Table 1. Average PSNR, SSIM, and computation time of algorithms: BM3D, DnCNN, EvoNet-5, and EvoNet-17 at different noise levels \(\sigma = 17, 22, 32\). Best performance is highlighted in bold.

Comparison with State-of-the-Art Methods. Both quantitative and qualitative comparisons are provided. We compared with state-of-the-art methods including BM3D and DnCNN. DnCNN has been reported to work on medical images [3]. We obtained the EvoNet-5 (5 layers, 64 neurons each layer, adadelta, ReLu) from \(D_s\), and EvoNet-17 (17 layers, 64 neurons each layer, adadelta, ReLu) from \(D_l\).

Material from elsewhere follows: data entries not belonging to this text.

lemma true_runs_tl_block:
  "L \<in> set (tl (true_runs l)) \<Longrightarrow>
   \<exists>xs ys. l = xs @ replicate L True @ ys \<and> xs \<noteq> [] \<and> \<not> last xs \<and> hd (true_runs ys) = 0"
proof (induction l arbitrary: L rule: true_runs.induct)
  case (2 l)
  then have "L \<in> set (tl (true_runs l))" by simp
  with "2.IH" obtain xs ys where "l = xs @ replicate L True @ ys" "xs \<noteq> []" "\<not> last xs"
      "hd (true_runs ys) = 0"
    by blast
  then show ?case by (intro exI[of _ "True # xs"] exI[of _ ys]) auto
next
  case (3 l)
  then have "L = hd (true_runs l) \<or> L \<in> set (tl (true_runs l))"
    by (metis list.collapse true_runs_ne set_ConsD true_runs.simps(3) list.sel(3))
  then show ?case
  proof
    assume "L = hd (true_runs l)"
    with true_runs_hd_block[of l] obtain ys where "l = replicate L True @ ys" "hd (true_runs ys) = 0"
      by auto
    then show ?case by (intro exI[of _ "[False]"] exI[of _ ys]) auto
  next
    assume "L \<in> set (tl (true_runs l))"
    with "3.IH" obtain xs ys where "l = xs @ replicate L True @ ys" "xs \<noteq> []" "\<not> last xs"
        "hd (true_runs ys) = 0"
      by blast
    then show ?case by (intro exI[of _ "False # xs"] exI[of _ ys]) auto
  qed
qed simp

lemma true_runs_obtain_block:
  assumes "L \<in> set (true_runs l)"
  obtains xs ys where "l = xs @ replicate L True @ ys" and "xs = [] \<or> \<not> last xs"
    and "hd (true_runs ys) = 0"
proof -
  have "L = hd (true_runs l) \<or> L \<in> set (tl (true_runs l))"
    using assms by (metis list.collapse true_runs_ne set_ConsD)
  then show ?thesis
  proof
    assume "L = hd (true_runs l)"
    with true_runs_hd_block[of l] obtain ys where "l = replicate L True @ ys" "hd (true_runs ys) = 0"
      by auto
    then show ?thesis using that[of "[]" ys] by simp
  next
    assume "L \<in> set (tl (true_runs l))"
    then show ?thesis using that true_runs_tl_block[of L l] by blast
  qed
qed

lemma ex_positive_true_run: "True \<in> set l \<Longrightarrow> \<exists>L\<in>set (true_runs l). 1 \<le> L"
proof (induction l rule: true_runs.induct)
  case (2 l)
  then show ?case by (cases "true_runs l") auto
qed auto

lemma true_runs_eq_0: "True \<notin> set l \<Longrightarrow> L \<in> set (true_runs l) \<Longrightarrow> L = 0"
  by (induction l arbitrary: L rule: true_runs.induct) auto

section \<open>The value of a position\<close>

text \<open>In position_value d R, R lists the lengths of the blocks of consecutive not yet
  totally dominated vertices in the two parity classes, and d tells whether Dominator
  is to move.\<close>

definition run_cost :: "nat \<Rightarrow> nat" where
  "run_cost L = (2 * L + 1) div 3"
lemma sum_triangle3_swap:
  fixes N :: nat
  shows "(\<Sum>k\<le>N. \<Sum>i<k. \<Sum>j\<in>{i..<k}. F i j k) = (\<Sum>j<N. \<Sum>i\<le>j. \<Sum>k\<in>{Suc j..N}. F i j k)"
proof -
  have "{j \<in> {..<k}. i \<le> j} = {i..<k}" for i k :: nat
    by auto
  then have "(\<Sum>k\<le>N. \<Sum>i<k. \<Sum>j\<in>{i..<k}. F i j k) = (\<Sum>k\<le>N. \<Sum>i<k. \<Sum>j<k. if i \<le> j then F i j k else 0)"
    by (simp add: sum.inter_filter[symmetric])
  also have "\<dots> = (\<Sum>k\<le>N. \<Sum>j<k. \<Sum>i<k. if i \<le> j then F i j k else 0)"
    by (intro sum.cong refl sum.swap)
  also have "\<dots> = (\<Sum>k\<le>N. \<Sum>j<k. \<Sum>i\<le>j. F i j k)"
  proof -
    have "{i \<in> {..<k}. i \<le> j} = {..j}" if "j < k" for j k :: nat
      using that by auto
    then show ?thesis
      by (intro sum.cong[OF refl]) (simp add: sum.inter_filter[symmetric])
  qed
  also have "\<dots> = (\<Sum>j<N. \<Sum>k\<in>{Suc j..N}. \<Sum>i\<le>j. F i j k)"
    by (rule sum.nested_swap')
  also have "\<dots> = (\<Sum>j<N. \<Sum>i\<le>j. \<Sum>k\<in>{Suc j..N}. F i j k)"
    by (intro sum.cong refl sum.swap)
  finally show ?thesis .
qed

lemma sum_pairs_sq_norm_diff_le_energy:
  fixes f :: "nat \<Rightarrow> 'a::real_normed_vector" and p W b :: "nat \<Rightarrow> real"
  assumes W: "\<And>j. W j < W (Suc j)" and p: "\<And>j. p j \<ge> 0"
    and b: "\<And>j N. (\<Sum>i\<le>j. \<Sum>k\<in>{Suc j..N}. p i * p k * (W k - W i)) \<le> b j * (W (Suc j) - W j)"
  shows "(\<Sum>i\<le>N. \<Sum>k\<le>N. p i * p k * (norm (f i - f k))\<^sup>2)
           \<le> 2 * (\<Sum>j<N. b j * (norm (f (Suc j) - f j))\<^sup>2)"
proof -
  define g where "g j = (norm (f (Suc j) - f j))\<^sup>2 / (W (Suc j) - W j)" for j
  have g: "g j \<ge> 0" for j using W[of j] by (simp add: g_def)
  have "(\<Sum>i\<le>N. \<Sum>k\<le>N. p i * p k * (norm (f i - f k))\<^sup>2)
      = 2 * (\<Sum>k\<le>N. \<Sum>i<k. p i * p k * (norm (f k - f i))\<^sup>2)"
    by (subst sum_symmetric_pairs) (simp_all add: norm_minus_commute mult.commute)
  also have "\<dots> \<le> 2 * (\<Sum>k\<le>N. \<Sum>i<k. \<Sum>j\<in>{i..<k}. g j * (p i * p k * (W k - W i)))"
  proof (intro mult_left_mono sum_mono)
    fix k i :: nat assume "i \<in> {..<k}"
    then have "(norm (f k - f i))\<^sup>2 \<le> (W k - W i) * sum g {i..<k}"
      unfolding g_def by (intro sq_norm_diff_le_weighted_increments W) simp
    then show "p i * p k * (norm (f k - f i))\<^sup>2 \<le> (\<Sum>j\<in>{i..<k}. g j * (p i * p k * (W k - W i)))"
      using p by (simp add: mult_left_mono sum_distrib_right[symmetric] mult_ac)
  qed simp
  also have "\<dots> = 2 * (\<Sum>j<N. g j * (\<Sum>i\<le>j. \<Sum>k\<in>{Suc j..N}. p i * p k * (W k - W i)))"
    by (simp only: sum_triangle3_swap sum_distrib_left)
  also have "\<dots> \<le> 2 * (\<Sum>j<N. g j * (b j * (W (Suc j) - W j)))"
    by (intro mult_left_mono sum_mono b g) simp
  also have "\<dots> = 2 * (\<Sum>j<N. b j * (norm (f (Suc j) - f j))\<^sup>2)"
    using W by (simp add: g_def less_imp_neq[symmetric] mult.commute)
  finally show ?thesis .
qed

lemma tendsto_sum_pairs_sq_norm_diff:
  fixes f :: "nat \<Rightarrow> 'a::real_inner" and p :: "nat \<Rightarrow> real"
  assumes "p sums P" and "(\<lambda>j. p j * (norm (f j))\<^sup>2) sums V" and "(\<lambda>j. p j *\<^sub>R f j) sums m"
  shows "(\<lambda>N. \<Sum>i\<le>N. \<Sum>k\<le>N. p i * p k * (norm (f i - f k))\<^sup>2) \<longlonglongrightarrow> 2 * P * V - 2 * (norm m)\<^sup>2"
  using assms unfolding sums_def_le sum_pairs_sq_norm_diff by (intro tendsto_intros)

lemma poincare_of_pair_weight_bound:
  fixes f :: "nat \<Rightarrow> 'a::real_inner" and p W b :: "nat \<Rightarrow> real"
  assumes W: "\<And>j. W j < W (Suc j)" and p: "\<And>j. p j \<ge> 0" and b0: "\<And>j. b j \<ge> 0"
    and b: "\<And>j N. (\<Sum>i\<le>j. \<Sum>k\<in>{Suc j..N}. p i * p k * (W k - W i)) \<le> b j * (W (Suc j) - W j)"
    and "p sums 1" and "(\<lambda>j. p j * (norm (f j))\<^sup>2) sums 1" and "(\<lambda>j. p j *\<^sub>R f j) sums 0"
  shows "1 \<le> (\<Sum>j. ennreal (b j * (norm (f (Suc j) - f j))\<^sup>2))"
proof -
  define Q where "Q N = (\<Sum>i\<le>N. \<Sum>k\<le>N. p i * p k * (norm (f i - f k))\<^sup>2)" for N
  define E where "E = (\<Sum>j. ennreal (b j * (norm (f (Suc j) - f j))\<^sup>2))"
  have "(\<lambda>N. ennreal (Q N)) \<longlonglongrightarrow> ennreal 2"
    using tendsto_sum_pairs_sq_norm_diff[OF assms(5-7)] unfolding Q_def by (intro tendsto_ennrealI) simp
  moreover have "ennreal (Q N) \<le> 2 * E" for N
  proof -
    have "ennreal (Q N) \<le> ennreal (2 * (\<Sum>j<N. b j * (norm (f (Suc j) - f j))\<^sup>2))"
      unfolding Q_def by (intro ennreal_leI sum_pairs_sq_norm_diff_le_energy[OF W p b])
    also have "\<dots> = 2 * (\<Sum>j<N. ennreal (b j * (norm (f (Suc j) - f j))\<^sup>2))"
      using b0 by (subst sum_ennreal) (auto simp: ennreal_mult'[of 2])
    also have "\<dots> \<le> 2 * E"
      unfolding E_def by (intro mult_left_mono sum_le_suminf) auto
    finally show ?thesis .
  qed
  ultimately have "2 * 1 \<le> 2 * E"
    by (intro LIMSEQ_le_const2) auto
  then show ?thesis
    unfolding E_def by (subst (asm) ennreal_mult_le_mult_iff) auto
qed

definition lerch_phi :: "real \<Rightarrow> real \<Rightarrow> real" where
  "lerch_phi x a = (\<Sum>k. x^k / (real k + a))"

In Table 1, we present the summary of quantitative results. The deeper EvoNet-17 outperforms other state-of-the-art methods with PSNR on the testing dataset. The shallow EvoNet-5 achieves comparable performance to DnCNN; however, it is deep (20 layers) while the EvoNet-5 is a compact structure with stacked convolutional layers without regularization technique. Deeper (6, 7 layers) and larger (128, 256 neurons) networks are eliminated due to overfitting on small data. Figure 4 shows visual results. Our method perfectly restores physiological structures, circuit contour and texture of the cerebral cortex and gains high PSNR values. It is matching with quantitative results.

4 Conclusions

In this work, we propose an optimized GA-based strategy to explore CNN structure for medical image denoising. We introduce an experience-based greedy exploration strategy and transfer learning to accelerate GA evolution. We evaluate EvoNets on a perfusion CT dataset and demonstrate promising performance. In the current work, we only consider a constrained case. In future work, the proposed method can be extended to explore more flexible CNN structures for challenging tasks, such as tumor detection.